Configure Orchestrator Disaster Recovery

This section provides disaster recovery (DR) instructions for Orchestrator.

Orchestrator Disaster Recovery Overview

The Orchestrator Disaster Recovery (DR) feature prevents the loss of stored data and resumes Orchestrator services in the event of system or network failure.

Orchestrator DR involves setting up an active/standby Orchestrator pair with data replication and a manually-triggered failover mechanism.

The recovery time objective (RTO), therefore, is dependent on explicit action by the operator to trigger promotion of the standby.
The recovery point objective (RPO), however, is essentially zero, regardless of the recovery time, because all configuration is instantaneously replicated. Monitoring data that would have been collected during the outage is cached on the Edges and Gateways pending promotion of the standby.

Note: DR is mandatory. For licensing and pricing, contact the Arista Sales team for support.

Active/Standby Pair

In an Orchestrator DR deployment, two identical Orchestrator systems are configured as an active / standby pair. The operator can view the state of DR readiness through the web UI on either of the servers. Edges and Gateways are aware of both Orchestrators, and while they receive configuration changes only from the active Orchestrator, they periodically send DR heartbeats to both systems to report their view of both servers and to query the DR system status. When the operator triggers a failover, the Edges and Gateways are informed of the change in their next DR heartbeat.

DR States

From the view of an operator, and of the edges and gateways, an Orchestrator has one of four DR states:

Table 1. DR States
DR State	Description
Standalone	No DR configured.
Active	DR configured, acting as the primary Orchestrator server.
Standby	DR configured, acting as an inactive replica Orchestrator server.
Zombie	DR formerly configured and active but no longer acting as the active or standby.

Run-time Operation

When DR is configured, the standby server runs in a limited mode, blocking all API calls except those related to the DR status and the DR heartbeats. When the operator invokes a failover, the standby is promoted to become fully operational as a Standalone server. The server that was formerly active is automatically transitioned to a Zombie state if it is responsive and visible from the promoted standby. In the Zombie state, management configuration services are blocked and any contact from Edges and Gateways that have not transitioned to the new active Orchestrator are redirected to the promoted server.
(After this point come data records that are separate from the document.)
lemma agg_reachable_Suc_cases:
  assumes "0 \<notin> A" "1 \<in> A" "m \<in> A" "gap A m > Total k A"
    and "agg_reachable (Suc k) A M"
  shows "M = {#} \<or> (\<exists>c N. M = add_mset c N \<and> c \<le> m \<and> agg_reachable k A N)"
  using assms(5)
proof induction
  case (step M M')
  have "set_mset M \<subseteq> A" using agg_reachable_tiles[OF step(1) assms(2)] by blast
  then have sz: "size M < Suc k" and mg: "merges_into A (M + {#1#}) M'"
    using step(2) agg_step_iff_merges_into assms(2) by blast+
  from step.IH show ?case
  proof
    assume "M = {#}"
    then have "M' = add_mset 1 {#}" using mg merges_into_singleton by simp
    moreover have "(1::nat) \<le> m" using assms(1,3) by (cases m) auto
    ultimately show ?thesis using agg_reachable.init by blast
  next
    assume "\<exists>c N. M = add_mset c N \<and> c \<le> m \<and> agg_reachable k A N"
    then obtain c N where cN: "M = add_mset c N" "c \<le> m" "agg_reachable k A N" by blast
    have N1: "agg_reachable k A (N + {#1#})"
      using agg_reachable_add_one[OF cN(3)] sz cN(1) assms(2) by simp
    have "merges_into A (add_mset c (N + {#1#})) M'" using mg cN(1) by (simp add: add_mset_commute)
    then obtain h Z where hZ: "h \<subseteq># N + {#1#}" "c + sum_mset h \<in> A"
      "M' = add_mset (c + sum_mset h) Z" "merges_into A (N + {#1#} - h) Z"
      by (rule merges_into_add_mset_D)
    have "agg_reachable k A Z"
      using agg_reachable_subset_mset[OF N1 assms(2), of "N + {#1#} - h"] hZ(4)
        agg_reachable_merges_into assms(2) by auto
    moreover have "c + sum_mset h \<le> m"
    proof (rule le_of_lt_gap[OF cN(2) hZ(2)])
      have "enat (sum_mset h) \<le> enat (sum_mset (N + {#1#}))"
        using sum_mset_mono_subset_mset[OF hZ(1)] by simp
      also have "\<dots> \<le> Total k A" using sum_mset_le_Total[OF N1] .
      also have "\<dots> < gap A m" by fact
      finally show "enat (sum_mset h) < gap A m" .
    qed
    ultimately show ?thesis using hZ(3) by blast
  qed
qed simp

lemma Single_Total_Suc_unbounded:
  assumes "0 \<notin> A" "1 \<in> A" "\<not> (\<exists>x\<in>A. gap A x > Total k A)"
  shows "Single (Suc k) A = \<infinity>" "Total (Suc k) A = \<infinity>"
proof -
  have infinite: "infinite A"
  proof
    assume "finite A"
    have "Total k A \<le> enat (k * Max A)" using Total_le_Max[OF \<open>finite A\<close> assms(2)] .
    also have "\<dots> < gap A (Max A)" using gap_Max[OF \<open>finite A\<close>] by simp
    finally have "gap A (Max A) > Total k A" .
    moreover have "Max A \<in> A" using \<open>finite A\<close> assms(2) by (auto intro: Max_in)
    ultimately show False using assms(3) by blast
  qed
  have "agg_reachable (Suc k) A {#x#}" if "x \<in> A" for x
    using agg_reachable_Suc_singleton[OF assms(1,2) that] assms(3) by (auto simp: not_less)
  then have "{enat x | x. x \<in> A \<and> agg_reachable (Suc k) A {#x#}} = enat ` A" by auto
  moreover have "infinite (enat ` A)" using infinite by (simp add: finite_image_iff inj_on_def)
  ultimately show "Single (Suc k) A = \<infinity>" unfolding Single_def Sup_enat_def by auto
  then show "Total (Suc k) A = \<infinity>" using Single_le_Total[of "Suc k" A] by (simp add: top_enat_def)
qed

lemma Single_Suc_le:
  assumes "0 \<notin> A" "1 \<in> A" "m \<in> A" "gap A m > Total k A"
  shows "Single (Suc k) A \<le> enat m"
  unfolding Single_def
  by (rule Sup_least) (use agg_reachable_Suc_cases[OF assms] in \<open>fastforce simp: single_eq_add_mset\<close>)
(* Let $A\in B_\infty(L)$, let $\{e_j\}_{j\in\mathbb N}$ be a complete orthonormal system in $L$ and $M\in\mathbb N$. Then, in the sense of quadratic forms on $D_1$, \[ \sum_{j=1}^M a^\dagger(Ae_j)a(\bar A\bar e_j)\le\|A\|^2N . \]
   Context: $L$ is a separable complex Hilbert space with $\dim L=\infty$, scalar product antilinear in the first argument, and a conjugation $J: f\mapsto\bar f$ (antilinear involution with $(\bar f,\bar g)=(g,f)$); for bounded $A$, $\bar A:=JAJ$. $B_\infty(L)$ denotes the bounded operators on $L$, $\|A\|$ the operator norm. $\mathcal F$ carries a Fock representation of the CCR over $L$: on a dense invariant domain $D$ there are operators $a(f),a^\dagger(f)$, linear in $f$, with $[a(f),a(g)]=0=[a^\dagger(f),a^\dagger(g)]$, $[a(f),a^\dagger(g)]=(\bar f,g)\mathrm{id}$, $(a(f)\Phi,\Psi)=(\Phi,a^\dagger(\bar f)\Psi)$, a unit vacuum $\Omega$ with $a(f)\Omega=0$, and $\mathcal F$ is the closure of the span of all vectors $a^\dagger(f_n)\cdots a^\dagger(f_1)\Omega$. $\mathcal F^{(n)}$ is the closure of the span of such vectors with exactly $n$ creation operators; $\mathcal F=\bigoplus_n\mathcal F^{(n)}$, $\Phi^{(n)}$ the component in $\mathcal F^{(n)}$. $D_\alpha:=\{\Phi:\sum_n(n+1)^{2\alpha}\|\Phi^{(n)}\|^2<\infty\}$. The operators $a(f),a^\dagger(f)$ extend to $D_{1/2}$ (changing particle number by $\mp1$, with $\|a(f)\Phi\|,\|a^\dagger(f)\Phi\|\le\|f\|(\sum_n(n+1)\|\Phi^{(n)}\|^2)^{1/2}$); these extensions are used. $N$ is the number operator on $D_1$, $(N\Phi)^{(n)}=n\Phi^{(n)}$. For operators $S,T$ and a subspace $V$, $S\le T$ on $V$ means $(\Phi,S\Phi)\le(\Phi,T\Phi)$ for all $\Phi\in V$. *)

theory Defs
  imports "HOL-Analysis.Analysis" "HOL-Library.Complex_Order"
begin

text \<open>Complex pre-Hilbert spaces, scalar product antilinear in the first argument.
  The real structure (norm, topology) is that of the real inner product Re of the
  complex one; a Hilbert space is such a type that is additionally complete_space.\<close>

class complex_inner = real_inner +
  fixes cscale :: "complex \<Rightarrow> 'a \<Rightarrow> 'a"
    and cinner :: "'a \<Rightarrow> 'a \<Rightarrow> complex"
  assumes cscale_add_right: "cscale c (x + y) = cscale c x + cscale c y"
    and cscale_add_left: "cscale (c + d) x = cscale c x + cscale d x"
    and cscale_cscale: "cscale c (cscale d x) = cscale (c * d) x"
    and cscale_one: "cscale 1 x = x"
    and scaleR_cscale: "scaleR r x = cscale (complex_of_real r) x"
    and cinner_cnj: "cinner x y = cnj (cinner y x)"
    and cinner_add_right: "cinner x (y + z) = cinner x y + cinner x z"
    and cinner_cscale_right: "cinner x (cscale c y) = c * cinner x y"
    and inner_cinner: "inner x y = Re (cinner x y)"

definition c_span :: "('a::complex_inner) set \<Rightarrow> 'a set" where
  "c_span S = {x. \<exists>(k::nat) c v. (\<forall>i<k. v i \<in> S) \<and> x = (\<Sum>i<k. cscale (c i) (v i))}"

definition clinear_on :: "('a::complex_inner) set \<Rightarrow> ('a \<Rightarrow> 'b::complex_inner) \<Rightarrow> bool" where
  "clinear_on S T \<longleftrightarrow> (\<forall>x\<in>S. \<forall>y\<in>S. T (x + y) = T x + T y) \<and>
                       (\<forall>c. \<forall>x\<in>S. T (cscale c x) = cscale c (T x))"

definition bounded_clinear_op :: "('a::complex_inner \<Rightarrow> 'b::complex_inner) \<Rightarrow> bool" where
  "bounded_clinear_op T \<longleftrightarrow> clinear_on UNIV T \<and> (\<exists>K. \<forall>x. norm (T x) \<le> K * norm x)"

definition conjugation :: "('a::complex_inner \<Rightarrow> 'a) \<Rightarrow> bool" where
  "conjugation J \<longleftrightarrow> (\<forall>x y. J (x + y) = J x + J y) \<and> (\<forall>c x. J (cscale c x) = cscale (cnj c) (J x))
     \<and> (\<forall>x. J (J x) = x) \<and> (\<forall>f g. cinner (J f) (J g) = cinner g f)"

definition complete_ons :: "(nat \<Rightarrow> 'a::complex_inner) \<Rightarrow> bool" where
  "complete_ons e \<longleftrightarrow> (\<forall>i j. cinner (e i) (e j) = (if i = j then 1 else 0))
     \<and> (\<forall>x. (\<forall>j. cinner (e j) x = 0) \<longrightarrow> x = 0)"

primrec fock_vec :: "('l \<Rightarrow> 'f \<Rightarrow> 'f) \<Rightarrow> 'f \<Rightarrow> 'l list \<Rightarrow> 'f" where
  "fock_vec ad vac [] = vac"
| "fock_vec ad vac (f # fs) = ad f (fock_vec ad vac fs)"

definition n_part :: "('l \<Rightarrow> 'f::complex_inner \<Rightarrow> 'f) \<Rightarrow> 'f \<Rightarrow> nat \<Rightarrow> 'f set" where
  "n_part ad vac n = closure (c_span {fock_vec ad vac fs | fs. length fs = n})"

definition fin_dom :: "('l \<Rightarrow> 'f::complex_inner \<Rightarrow> 'f) \<Rightarrow> 'f \<Rightarrow> 'f set" where
  "fin_dom ad vac = c_span (range (fock_vec ad vac))"

text \<open>The component Phi^(n): orthogonal projection onto F^(n).\<close>
definition comp :: "('l \<Rightarrow> 'f::complex_inner \<Rightarrow> 'f) \<Rightarrow> 'f \<Rightarrow> nat \<Rightarrow> 'f \<Rightarrow> 'f" where
  "comp ad vac n x = (THE p. p \<in> n_part ad vac n \<and> (\<forall>y\<in>n_part ad vac n. cinner y (x - p) = 0))"

definition D_alpha :: "('l \<Rightarrow> 'f::complex_inner \<Rightarrow> 'f) \<Rightarrow> 'f \<Rightarrow> real \<Rightarrow> 'f set" where
  "D_alpha ad vac \<alpha> = {x. summable (\<lambda>n. (real n + 1) powr (2 * \<alpha>) * (norm (comp ad vac n x))\<^sup>2)}"

definition numop :: "('l \<Rightarrow> 'f::complex_inner \<Rightarrow> 'f) \<Rightarrow> 'f \<Rightarrow> 'f \<Rightarrow> 'f" where
  "numop ad vac x = (\<Sum>n. cscale (of_nat n) (comp ad vac n x))"

text \<open>Fock representation of the CCR over L with conjugation J, where a, ad are the
  extensions of the annihilation / creation operators to D_{1/2}:
  on the finite-particle domain they satisfy the CCR, adjointness and vacuum
  conditions; on each F^(n) they are bounded complex linear (hence are the
  continuous extensions), and on D_{1/2} they act componentwise.\<close>
definition fock_rep :: "('l::complex_inner \<Rightarrow> 'l) \<Rightarrow> ('l \<Rightarrow> 'f::complex_inner \<Rightarrow> 'f)
    \<Rightarrow> ('l \<Rightarrow> 'f \<Rightarrow> 'f) \<Rightarrow> 'f \<Rightarrow> bool" where
  "fock_rep J a ad vac \<longleftrightarrow>
     (let D = fin_dom ad vac in
       norm vac = 1 \<and> (\<forall>f. a f vac = 0)
     \<and> closure D = UNIV
     \<and> (\<forall>f. clinear_on D (a f) \<and> clinear_on D (ad f))
     \<and> (\<forall>f g x. x \<in> D \<longrightarrow> a (f + g) x = a f x + a g x \<and> ad (f + g) x = ad f x + ad g x)
     \<and> (\<forall>c f x. x \<in> D \<longrightarrow> a (cscale c f) x = cscale c (a f x) \<and> ad (cscale c f) x = cscale c (ad f x))
     \<and> (\<forall>f g x. x \<in> D \<longrightarrow> a f (a g x) = a g (a f x))
     \<and> (\<forall>f g x. x \<in> D \<longrightarrow> ad f (ad g x) = ad g (ad f x))
     \<and> (\<forall>f g x. x \<in> D \<longrightarrow> a f (ad g x) - ad g (a f x) = cscale (cinner (J f) g) x)
     \<and> (\<forall>f x y. x \<in> D \<longrightarrow> y \<in> D \<longrightarrow> cinner (a f x) y = cinner x (ad (J f) y))
     \<and> (\<forall>f n. clinear_on (n_part ad vac n) (a f) \<and> clinear_on (n_part ad vac n) (ad f)
            \<and> (\<exists>K. \<forall>x\<in>n_part ad vac n. norm (a f x) \<le> K * norm x \<and> norm (ad f x) \<le> K * norm x))
     \<and> (\<forall>f x. x \<in> D_alpha ad vac (1/2) \<longrightarrow>
            (\<lambda>n. a f (comp ad vac n x)) sums (a f x) \<and> (\<lambda>n. ad f (comp ad vac n x)) sums (ad f x)))"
Set Up Orchestrator Replication

Two installed Orchestrator instances are required to initiate replication.

The selected standby is put into a STANDBY_CANDIDATE state, enabling it to be configured by the active server.
The active server is then given the address and credentials of the standby and it enters the ACTIVE_CONFIGURING state.

When a STANDBY_CONFIG_RQST is created from Active to Standby, the two servers synchronize through the state transitions.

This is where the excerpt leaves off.